One area I wish the Liberals would get back into is lowering beer prices.
There’s some very easy solutions to lowering the cost that the next government could do:
#1 Lower the minimum sale price on beer sold in NB
#2 Allow Grocery stores to set their own sale prices on beer and wine.
#3 Abolish the depot system monopoly on cheap beer and wine in NB (allow some cheaper beer and wine products to be available at regular ANBL stores and rural locations)
The depot system is especially stupid. There’s cheap beer made in Saint John that is only available for sale in St. Stephen, Salisbury, Bathurst, Campbellton, and Edmundston. Monctonians can at least drive to Salisbury to buy the Miller High Life made in Moncton for only $35 a 24 pack, but it’s still ridiculously arbitrary why they can’t just sell this beer at other ANBL locations, even if for a few dollars more.
I’ll give Higgs credit for at least letting grocery stores sell beer and wine within their existing stores (and not making them build adjacent, but separate stores to sell beer and wine outside the main grocery store, like Sask and Alberta require)
However, the implementation of his liberalization plan for liquor sales left a lot to be desired. For a guy that supposedly champions free market principles, he should have pushed for the grocery stores to have more freedom to set prices on alcohol as they saw fit.
Grocery stores being able to set sale prices that beat ANBL sale pricing would have forced ANBL to start lowering better sale prices at their stores to retain customers. This is essentially what happened in Sask.

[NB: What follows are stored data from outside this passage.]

(* Let $N\ge3$ and suppose $k_m\ge1$ for all $0\le m\le r-1$. Then a function $f$ on $\mathcal{V}_{N,{\bf k}}$ satisfies $L_{N,{\bf k}}f=Nf$ if and only if $Pf=\frac{1}{N-1}f$; that is, the eigenspace of the graph Laplacian $L_{N,{\bf k}}$ for the eigenvalue $N$ coincides with the eigenspace of $P$ for the eigenvalue $1/(N-1)$.
   Context: Fix $N\ge3$, $r\ge2$, distinct reals $e_0,\dots,e_{r-1}$, and ${\bf k}=(k_0,\dots,k_{r-1})$ of nonnegative integers with $\sum_m k_m=N$. The multislice $\mathcal{V}_{N,{\bf k}}$ is the set of $x\in\{e_0,\dots,e_{r-1}\}^N$ with exactly $k_m$ coordinates equal to $e_m$ for each $m$, and $\mu_{N,{\bf k}}$ is the uniform probability measure on it. For $i<j$, $\pi_{i,j}x$ swaps coordinates $i$ and $j$. The graph Laplacian is $L_{N,{\bf k}}f(x)=\sum_{y}(f(x)-f(y))$, the sum over all $y\neq x$ of the form $y=\pi_{i,j}x$. For $1\le\ell\le N$, $P_\ell$ is the orthogonal projection in $L^2(\mu_{N,{\bf k}})$ onto functions depending only on $x_\ell$ (i.e. $P_\ell f(x)$ is the average of $f(y)$ over $y\in\mathcal{V}_{N,{\bf k}}$ with $y_\ell=x_\ell$), and $P=\frac1N\sum_{\ell=1}^N P_\ell$. *)

theory Defs
  imports Complex_Main "HOL-Library.FuncSet"
begin
(* Let $R$ be a commutative coherent ring and $0\to A\to B\to C\to 0$ an exact sequence of $R$-modules with $A$ absolutely $w$-pure. Then $B$ is absolutely $w$-pure if and only if $C$ is absolutely $w$-pure.
   Context: A ring is coherent if every finitely generated ideal is finitely presented. A $GV$-ideal of $R$ is a finitely generated ideal $J$ such that the natural map $R\to\mathrm{Hom}_R(J,R)$ is an isomorphism; $GV(R)$ is the set of $GV$-ideals. An $R$-module $X$ is $GV$-torsion if every $x\in X$ satisfies $Jx=0$ for some $J\in GV(R)$. An $R$-module $A$ is absolutely $w$-pure if $\mathrm{Ext}^1_R(N,A)$ is $GV$-torsion for every finitely presented $R$-module $N$. *)

theory Defs
  imports Complex_Main
begin

(* The ring R is the type 'r :: comm_ring_1; R-modules are types with a scalar
   multiplication satisfying the locale "module" of HOL/Modules. *)

definition is_ideal :: "'r::comm_ring_1 set \<Rightarrow> bool" where
  "is_ideal I \<longleftrightarrow> 0 \<in> I \<and> (\<forall>x\<in>I. \<forall>y\<in>I. x + y \<in> I) \<and> (\<forall>r. \<forall>x\<in>I. r * x \<in> I)"

definition ideal_generated_by :: "'r::comm_ring_1 set \<Rightarrow> nat \<Rightarrow> (nat \<Rightarrow> 'r) \<Rightarrow> bool" where
  "ideal_generated_by I n g \<longleftrightarrow> I = {(\<Sum>i<n. c i * g i) | c. True}"

definition fin_gen_ideal :: "'r::comm_ring_1 set \<Rightarrow> bool" where
  "fin_gen_ideal I \<longleftrightarrow> (\<exists>n g. ideal_generated_by I n g)"

(* finitely presented: some finite generating system g of I whose module of
   relations (a submodule of R^n) is finitely generated *)
definition fin_pres_ideal :: "'r::comm_ring_1 set \<Rightarrow> bool" where
  "fin_pres_ideal I \<longleftrightarrow> (\<exists>n g. ideal_generated_by I n g \<and>
     (\<exists>m (rel :: nat \<Rightarrow> nat \<Rightarrow> 'r). (\<forall>j<m. \<forall>i\<ge>n. rel j i = 0) \<and>
        {c :: nat \<Rightarrow> 'r. (\<forall>i\<ge>n. c i = 0) \<and> (\<Sum>i<n. c i * g i) = 0}
          = {(\<lambda>i. \<Sum>j<m. d j * rel j i) | d. True}))"

definition coherent_ring :: "'r::comm_ring_1 itself \<Rightarrow> bool" where
  "coherent_ring (t :: 'r itself) \<longleftrightarrow> (\<forall>I :: 'r set. is_ideal I \<and> fin_gen_ideal I \<longrightarrow> fin_pres_ideal I)"

definition ideal_linear :: "'r::comm_ring_1 set \<Rightarrow> ('r \<Rightarrow> 'r) \<Rightarrow> bool" where
  "ideal_linear J \<phi> \<longleftrightarrow> (\<forall>x\<in>J. \<forall>y\<in>J. \<phi> (x + y) = \<phi> x + \<phi> y) \<and>
                        (\<forall>r. \<forall>x\<in>J. \<phi> (r * x) = r * \<phi> x)"

(* GV-ideal: finitely generated J with R \<rightarrow> Hom_R(J,R), r \<mapsto> (x \<mapsto> r x), bijective *)
definition GV_ideal :: "'r::comm_ring_1 set \<Rightarrow> bool" where
  "GV_ideal J \<longleftrightarrow> is_ideal J \<and> fin_gen_ideal J \<and>
     (\<forall>r s. (\<forall>x\<in>J. r * x = s * x) \<longrightarrow> r = s) \<and>
     (\<forall>\<phi>. ideal_linear J \<phi> \<longrightarrow> (\<exists>r. \<forall>x\<in>J. \<phi> x = r * x))"

(* The free module R^n, represented as functions nat \<Rightarrow> 'r vanishing from n on *)
definition fvec :: "nat \<Rightarrow> (nat \<Rightarrow> 'r::comm_ring_1) set" where
  "fvec n = {v. \<forall>i\<ge>n. v i = 0}"

definition fg_submod :: "nat \<Rightarrow> (nat \<Rightarrow> 'r::comm_ring_1) set \<Rightarrow> bool" where
  "fg_submod n K \<longleftrightarrow> (\<exists>m (gen :: nat \<Rightarrow> nat \<Rightarrow> 'r). (\<forall>j<m. gen j \<in> fvec n) \<and>
      K = {(\<lambda>i. \<Sum>j<m. d j * gen j i) | d. True})"

definition lin_on :: "(nat \<Rightarrow> 'r::comm_ring_1) set \<Rightarrow> ('r \<Rightarrow> 'a::ab_group_add \<Rightarrow> 'a)
                      \<Rightarrow> ((nat \<Rightarrow> 'r) \<Rightarrow> 'a) \<Rightarrow> bool" where
  "lin_on K s f \<longleftrightarrow> (\<forall>x\<in>K. \<forall>y\<in>K. f (\<lambda>i. x i + y i) = f x + f y) \<and>
                    (\<forall>r. \<forall>x\<in>K. f (\<lambda>i. r * x i) = s r (f x))"

(* Every finitely presented module is N = R^n/K with K f.g.; from
   0 \<rightarrow> K \<rightarrow> R^n \<rightarrow> N \<rightarrow> 0 and R^n projective:
   Ext^1(N,A) = Hom(K,A) / image of restriction Hom(R^n,A) \<rightarrow> Hom(K,A),
   and Hom(R^n,A) \<cong> A^n via x \<mapsto> \<Sum> x_i a_i.
   Ext^1(N,A) is GV-torsion iff each class [f] is killed by some GV-ideal J,
   i.e. for each r \<in> J, r f extends to R^n. *)
definition abs_w_pure :: "('r::comm_ring_1 \<Rightarrow> 'a::ab_group_add \<Rightarrow> 'a) \<Rightarrow> bool" where
  "abs_w_pure s \<longleftrightarrow> (\<forall>n (K :: (nat \<Rightarrow> 'r) set). fg_submod n K \<longrightarrow>
     (\<forall>f. lin_on K s f \<longrightarrow>
        (\<exists>J. GV_ideal J \<and>
           (\<forall>r\<in>J. \<exists>a :: nat \<Rightarrow> 'a. \<forall>x\<in>K. s r (f x) = (\<Sum>i<n. s (x i) (a i))))))"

Brad Wall shut down half of the SLGA stores and allowed grocery stories and private entities to open up private liquor stores and set their own sale prices to compete with the SLGA stores. What ended up happening is the government owned SLGA stores started offering the best sale prices on beer I’d ever seen in Sask.
Blaine Higgs; however, is no Brad Wall. The best we’d get out of Higgs is a 2% cut to the HST.